(DATA EXTRACTS Opens)

(* Let $\omega=-\frac12+i\frac{\sqrt3}{2}$. Let $T$ be a triangle with vertices $A=a_1+a_2\omega$, $B=b_1+b_2\omega$ and $C=0$, where $a_1,a_2,b_1,b_2$ are nonnegative integers, and suppose $T$ is equable. Then each of the side lengths $|AC|$, $|BC|$, $|AB|$ of $T$ is of the form $\sqrt3\,n$ for some positive integer $n$.
   Context: A triangle is a non-degenerate triangle in the plane $\mathbb{C}\cong\mathbb{R}^2$. A triangle is called equable if its perimeter equals its area. *)

theory Defs
  imports "HOL-Analysis.Analysis"
begin

definition omega :: complex where
  "omega = Complex (-1/2) (sqrt 3 / 2)"

definition tri_area :: "complex \<Rightarrow> complex \<Rightarrow> complex \<Rightarrow> real" where
  "tri_area A B C = \<bar>Im ((B - A) * cnj (C - A))\<bar> / 2"

definition tri_perimeter :: "complex \<Rightarrow> complex \<Rightarrow> complex \<Rightarrow> real" where
  "tri_perimeter A B C = dist A B + dist B C + dist C A"

definition nondegenerate :: "complex \<Rightarrow> complex \<Rightarrow> complex \<Rightarrow> bool" where
  "nondegenerate A B C \<longleftrightarrow> \<not> collinear {A, B, C}"

definition equable :: "complex \<Rightarrow> complex \<Rightarrow> complex \<Rightarrow> bool" where
  "equable A B C \<longleftrightarrow> nondegenerate A B C \<and> tri_perimeter A B C = tri_area A B C"

end

theory Submission
  imports Defs
begin

text \<open>
  In the coordinates of the Eisenstein lattice every squared side length is an integer
  (the norm form \<open>u\<^sup>2 - u v + v\<^sup>2\<close>) and the area is \<open>\<surd>3/4\<close> times an integer.
  Dividing all side lengths by \<open>\<surd>3\<close>, an equable triangle therefore yields three
  nonnegative reals with rational squares and rational sum, and such reals are
  themselves rational. A side length \<open>d = \<surd>3 x\<close> with \<open>x\<close> rational and
  \<open>d\<^sup>2 = 3 x\<^sup>2\<close> an integer forces \<open>x\<close> to be an integer, because 3 is prime.
\<close>

lemma Rats_power_in_Ints_imp_Ints:
  fixes y :: real
  assumes "y \<in> \<rat>" and "y ^ n = of_int k" and "n > 0"
  shows "y \<in> \<int>"
proof -
  obtain a b where ab: "y = of_int a / of_int b" "b > 0" "coprime a b"
    using Rats_cases'[OF assms(1)] by metis
  have "(of_int a) ^ n = (of_int k * (of_int b) ^ n :: real)"
    using assms(2) ab(1,2) by (simp add: power_divide divide_eq_eq)
  then have "a ^ n = k * b ^ n"
    by (metis of_int_eq_iff of_int_mult of_int_power)
  then have "b dvd a ^ n"
    using \<open>n > 0\<close> by (simp add: dvd_mult dvd_power)
  moreover have "coprime (a ^ n) b"
    using ab(3) by simp
  ultimately have "is_unit b"
    using coprime_absorb_right by blast
  then have "b = 1"
    using ab(2) by simp
  then show ?thesis
    using ab(1) by simp
qed

lemma Ints_if_Rats_and_prime_times_power2_Ints:
  fixes x :: real and p :: nat
  assumes "prime p" and "x \<in> \<rat>" and "of_nat p * x\<^sup>2 \<in> \<int>"
  shows "x \<in> \<int>"
proof -
  obtain m where m: "of_nat p * x\<^sup>2 = of_int m"
    using assms(3) by (auto elim: Ints_cases)
  have square: "(of_nat p * x)\<^sup>2 = of_int (int p * m)"
    using m by (simp add: power2_eq_square algebra_simps)
  then have "of_nat p * x \<in> \<int>"
    using assms(2) by (intro Rats_power_in_Ints_imp_Ints[of _ 2 "int p * m"]) simp_all
  then obtain k where k: "of_nat p * x = of_int k"
    by (auto elim: Ints_cases)
  have "of_int (k\<^sup>2) = (of_int (int p * m) :: real)"
    using square[unfolded k] by simp
  then have "int p dvd k\<^sup>2"
    by (simp only: of_int_eq_iff) simp
  then have "int p dvd k"
    using assms(1) prime_dvd_power_int by (simp add: prime_nat_iff_prime)
  then obtain j where "k = int p * j" ..
  then have "x = of_int j"
    using k assms(1) by (simp add: prime_gt_0_nat)
  then show ?thesis
    by simp
qed

text \<open>
  With \<open>s = x + y + z\<close>, the number \<open>q = s\<^sup>2 + z\<^sup>2 - x\<^sup>2 - y\<^sup>2 = 2 x y + 2 s z\<close> is rational;
  squaring \<open>q\<close> shows that \<open>w = x y z\<close> is rational, and then so is \<open>z = (2 w + 2 s z\<^sup>2) / q\<close>.
\<close>
lemma Rats_summand_if_Rats_squares:
  fixes x y z :: real
  assumes "x \<ge> 0" "y \<ge> 0" "z \<ge> 0"
    and "x\<^sup>2 \<in> \<rat>" "y\<^sup>2 \<in> \<rat>" "z\<^sup>2 \<in> \<rat>" "x + y + z \<in> \<rat>"
  shows "z \<in> \<rat>"
proof (cases "z = 0")
  case True
  then show ?thesis
    by simp
next
  case False
  define s where "s = x + y + z"
  define q where "q = 2 * x * y + 2 * s * z"
  have s_pos: "s > 0" and s_Rats: "s \<in> \<rat>"
    using assms False by (auto simp: s_def)
  have "q = s\<^sup>2 + z\<^sup>2 - x\<^sup>2 - y\<^sup>2"
    by (simp add: q_def s_def power2_eq_square algebra_simps)
  then have q_Rats: "q \<in> \<rat>"
    using assms s_Rats by simp
  have q_pos: "q > 0"
    using assms False s_pos by (simp add: q_def add_nonneg_pos)
  define w where "w = x * y * z"
  have "q\<^sup>2 = 4 * x\<^sup>2 * y\<^sup>2 + 8 * s * w + 4 * s\<^sup>2 * z\<^sup>2"
    by (simp add: q_def w_def power2_eq_square algebra_simps)
  then have "w = (q\<^sup>2 - 4 * x\<^sup>2 * y\<^sup>2 - 4 * s\<^sup>2 * z\<^sup>2) / (8 * s)"
    using s_pos by simp
  then have w_Rats: "w \<in> \<rat>"
    using assms q_Rats s_Rats by simp
  have z_eq: "z = (2 * w + 2 * s * z\<^sup>2) / q"
    using q_pos by (simp add: q_def w_def field_simps power2_eq_square)
  have "(2 * w + 2 * s * z\<^sup>2) / q \<in> \<rat>"
    using w_Rats assms(6) s_Rats q_Rats by (intro Rats_divide Rats_add Rats_mult) simp_all
  with z_eq show ?thesis
    by (rule ssubst)
qed

lemma Rats_summands_if_Rats_squares:
  fixes x y z :: real
  assumes "x \<ge> 0" "y \<ge> 0" "z \<ge> 0"
    and "x\<^sup>2 \<in> \<rat>" "y\<^sup>2 \<in> \<rat>" "z\<^sup>2 \<in> \<rat>" "x + y + z \<in> \<rat>"
  shows "x \<in> \<rat> \<and> y \<in> \<rat> \<and> z \<in> \<rat>"
proof (intro conjI)
  have "y + z + x \<in> \<rat>" "x + z + y \<in> \<rat>"
    using assms(7) by (simp_all add: ac_simps)
  then show "x \<in> \<rat>" "y \<in> \<rat>" "z \<in> \<rat>"
    using assms by (auto intro: Rats_summand_if_Rats_squares)
qed

lemma sqrt3_multiple_if_Rats:
  fixes d :: real
  assumes "d > 0" and "d\<^sup>2 \<in> \<int>" and "d / sqrt 3 \<in> \<rat>"
  shows "\<exists>n::nat. n > 0 \<and> d = sqrt 3 * real n"
proof -
  define x where "x = d / sqrt 3"
  have "of_nat 3 * x\<^sup>2 = d\<^sup>2"
    by (simp add: x_def power_divide)
  then have "x \<in> \<int>"
    using assms(2,3) Ints_if_Rats_and_prime_times_power2_Ints[of 3 x] by (simp add: x_def)
  then obtain k where k: "x = of_int k"
    by (auto elim: Ints_cases)
  have "x > 0"
    using assms(1) by (simp add: x_def)
  then have "k > 0"
    using k by simp
  moreover have "d = sqrt 3 * x"
    by (simp add: x_def)
  ultimately show ?thesis
    using k by (intro exI[of _ "nat k"]) simp
qed

definition eisenstein_ints :: "complex set" where
  "eisenstein_ints = {of_int u + of_int v * omega | u v. True}"

lemma eisenstein_intsI: "of_int u + of_int v * omega \<in> eisenstein_ints"
  by (auto simp: eisenstein_ints_def)

lemma eisenstein_intsE:
  assumes "z \<in> eisenstein_ints"
  obtains u v where "z = of_int u + of_int v * omega"
  using assms by (auto simp: eisenstein_ints_def)

lemma eisenstein_ints_diff:
  assumes "z \<in> eisenstein_ints" and "w \<in> eisenstein_ints"
  shows "z - w \<in> eisenstein_ints"
proof -
  obtain u v u' v' where "z = of_int u + of_int v * omega" "w = of_int u' + of_int v' * omega"
    using assms by (elim eisenstein_intsE)
  then have "z - w = of_int (u - u') + of_int (v - v') * omega"
    by (simp add: algebra_simps)
  then show ?thesis
    by (simp only: eisenstein_intsI)
qed

lemma norm_power2_eisenstein:
  "(norm (of_int u + of_int v * omega))\<^sup>2 = of_int (u\<^sup>2 - u * v + v\<^sup>2)"
proof -
  have "of_int u + of_int v * omega = Complex (of_int u - of_int v / 2) (of_int v * sqrt 3 / 2)"
    by (simp add: omega_def complex_eq_iff)
  then have "(norm (of_int u + of_int v * omega))\<^sup>2
             = (of_int u - of_int v / 2)\<^sup>2 + (of_int v)\<^sup>2 * (sqrt 3)\<^sup>2 / 4"
    by (simp add: cmod_power2 power_mult_distrib power_divide)
  also have "\<dots> = of_int (u\<^sup>2 - u * v + v\<^sup>2)"
    by (simp add: power2_eq_square algebra_simps)
  finally show ?thesis .
qed

lemma norm_power2_in_Ints_if_eisenstein:
  "z \<in> eisenstein_ints \<Longrightarrow> (norm z)\<^sup>2 \<in> \<int>"
  by (elim eisenstein_intsE) (simp only: norm_power2_eisenstein Ints_of_int)

lemma tri_area_eisenstein:
  "tri_area (of_int a1 + of_int a2 * omega) (of_int b1 + of_int b2 * omega) 0
     = sqrt 3 / 4 * \<bar>of_int (a1 * b2 - a2 * b1)\<bar>"
proof -
  have Im_eq: "Im ((of_int b1 + of_int b2 * omega - (of_int a1 + of_int a2 * omega))
             * cnj (0 - (of_int a1 + of_int a2 * omega)))
        = sqrt 3 / 2 * of_int (a2 * b1 - a1 * b2)"
    by (simp add: omega_def field_simps)
  show ?thesis
    unfolding tri_area_def Im_eq by (simp add: abs_mult abs_minus_commute)
qed

lemma tri_area_div_sqrt3_Rats_if_eisenstein:
  assumes "z \<in> eisenstein_ints" and "w \<in> eisenstein_ints"
  shows "tri_area z w 0 / sqrt 3 \<in> \<rat>"
proof -
  obtain a1 a2 b1 b2 where "z = of_int a1 + of_int a2 * omega" "w = of_int b1 + of_int b2 * omega"
    using assms by (elim eisenstein_intsE)
  then have area: "tri_area z w 0 / sqrt 3 = \<bar>of_int (a1 * b2 - a2 * b1)\<bar> / 4"
    by (simp add: tri_area_eisenstein)
  show ?thesis
    unfolding area by (intro Rats_divide) auto
qed

lemma nondegenerate_imp_distinct:
  "nondegenerate A B C \<Longrightarrow> A \<noteq> B \<and> B \<noteq> C \<and> C \<noteq> A"
  by (auto simp: nondegenerate_def insert_commute)

theorem mainTheorem2:
  fixes a1 a2 b1 b2 :: nat
  defines "A \<equiv> of_nat a1 + of_nat a2 * omega"
      and "B \<equiv> of_nat b1 + of_nat b2 * omega"
  assumes "equable A B 0"
  shows "(\<exists>n::nat. n > 0 \<and> dist A 0 = sqrt 3 * real n)
       \<and> (\<exists>n::nat. n > 0 \<and> dist B 0 = sqrt 3 * real n)
       \<and> (\<exists>n::nat. n > 0 \<and> dist A B = sqrt 3 * real n)"
proof -
  have nondeg: "nondegenerate A B 0" and perimeter: "tri_perimeter A B 0 = tri_area A B 0"
    using assms(3) by (auto simp: equable_def)
  have lattice: "A \<in> eisenstein_ints" "B \<in> eisenstein_ints"
    unfolding A_def B_def by (metis eisenstein_intsI of_int_of_nat_eq)+
  have squares: "(dist A 0)\<^sup>2 \<in> \<int>" "(dist B 0)\<^sup>2 \<in> \<int>" "(dist A B)\<^sup>2 \<in> \<int>"
    using lattice by (simp_all add: dist_norm norm_power2_in_Ints_if_eisenstein eisenstein_ints_diff)
  have "dist A 0 / sqrt 3 + dist B 0 / sqrt 3 + dist A B / sqrt 3 = tri_perimeter A B 0 / sqrt 3"
    by (simp add: tri_perimeter_def dist_commute add_divide_distrib)
  also have "\<dots> = tri_area A B 0 / sqrt 3"
    by (simp only: perimeter)
  finally have "dist A 0 / sqrt 3 + dist B 0 / sqrt 3 + dist A B / sqrt 3 \<in> \<rat>"
    using tri_area_div_sqrt3_Rats_if_eisenstein[OF lattice] by simp
  moreover have "(d / sqrt 3)\<^sup>2 \<in> \<rat>" if "d\<^sup>2 \<in> \<int>" for d :: real
    using that Ints_subset_Rats by (auto simp: power_divide)
  ultimately have rationals: "dist A 0 / sqrt 3 \<in> \<rat>" "dist B 0 / sqrt 3 \<in> \<rat>" "dist A B / sqrt 3 \<in> \<rat>"
    using Rats_summands_if_Rats_squares squares by (metis divide_nonneg_nonneg real_sqrt_ge_zero zero_le_dist zero_le_numeral)+
  have positive: "dist A 0 > 0" "dist B 0 > 0" "dist A B > 0"
    using nondegenerate_imp_distinct[OF nondeg] by auto
  show ?thesis
    by (intro conjI sqrt3_multiple_if_Rats positive squares rationals)
qed

end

(DATA EXTRACTS Closes)

WHAT THE TASK ASKS: Copy each line from the data above that includes "side".

RESPONSE TO THE EXERCISE:
(* Let $\omega=-\frac12+i\frac{\sqrt3}{2}$. Let $T$ be a triangle with vertices $A=a_1+a_2\omega$, $B=b_1+b_2\omega$ and $C=0$, where $a_1,a_2,b_1,b_2$ are nonnegative integers, and suppose $T$ is equable. Then each of the side lengths $|AC|$, $|BC|$, $|AB|$ of $T$ is of the form $\sqrt3\,n$ for some positive integer $n$.
  In the coordinates of the Eisenstein lattice every squared side length is an integer
  Dividing all side lengths by \<open>\<surd>3\<close>, an equable triangle therefore yields three
  themselves rational. A side length \<open>d = \<surd>3 x\<close> with \<open>x\<close> rational and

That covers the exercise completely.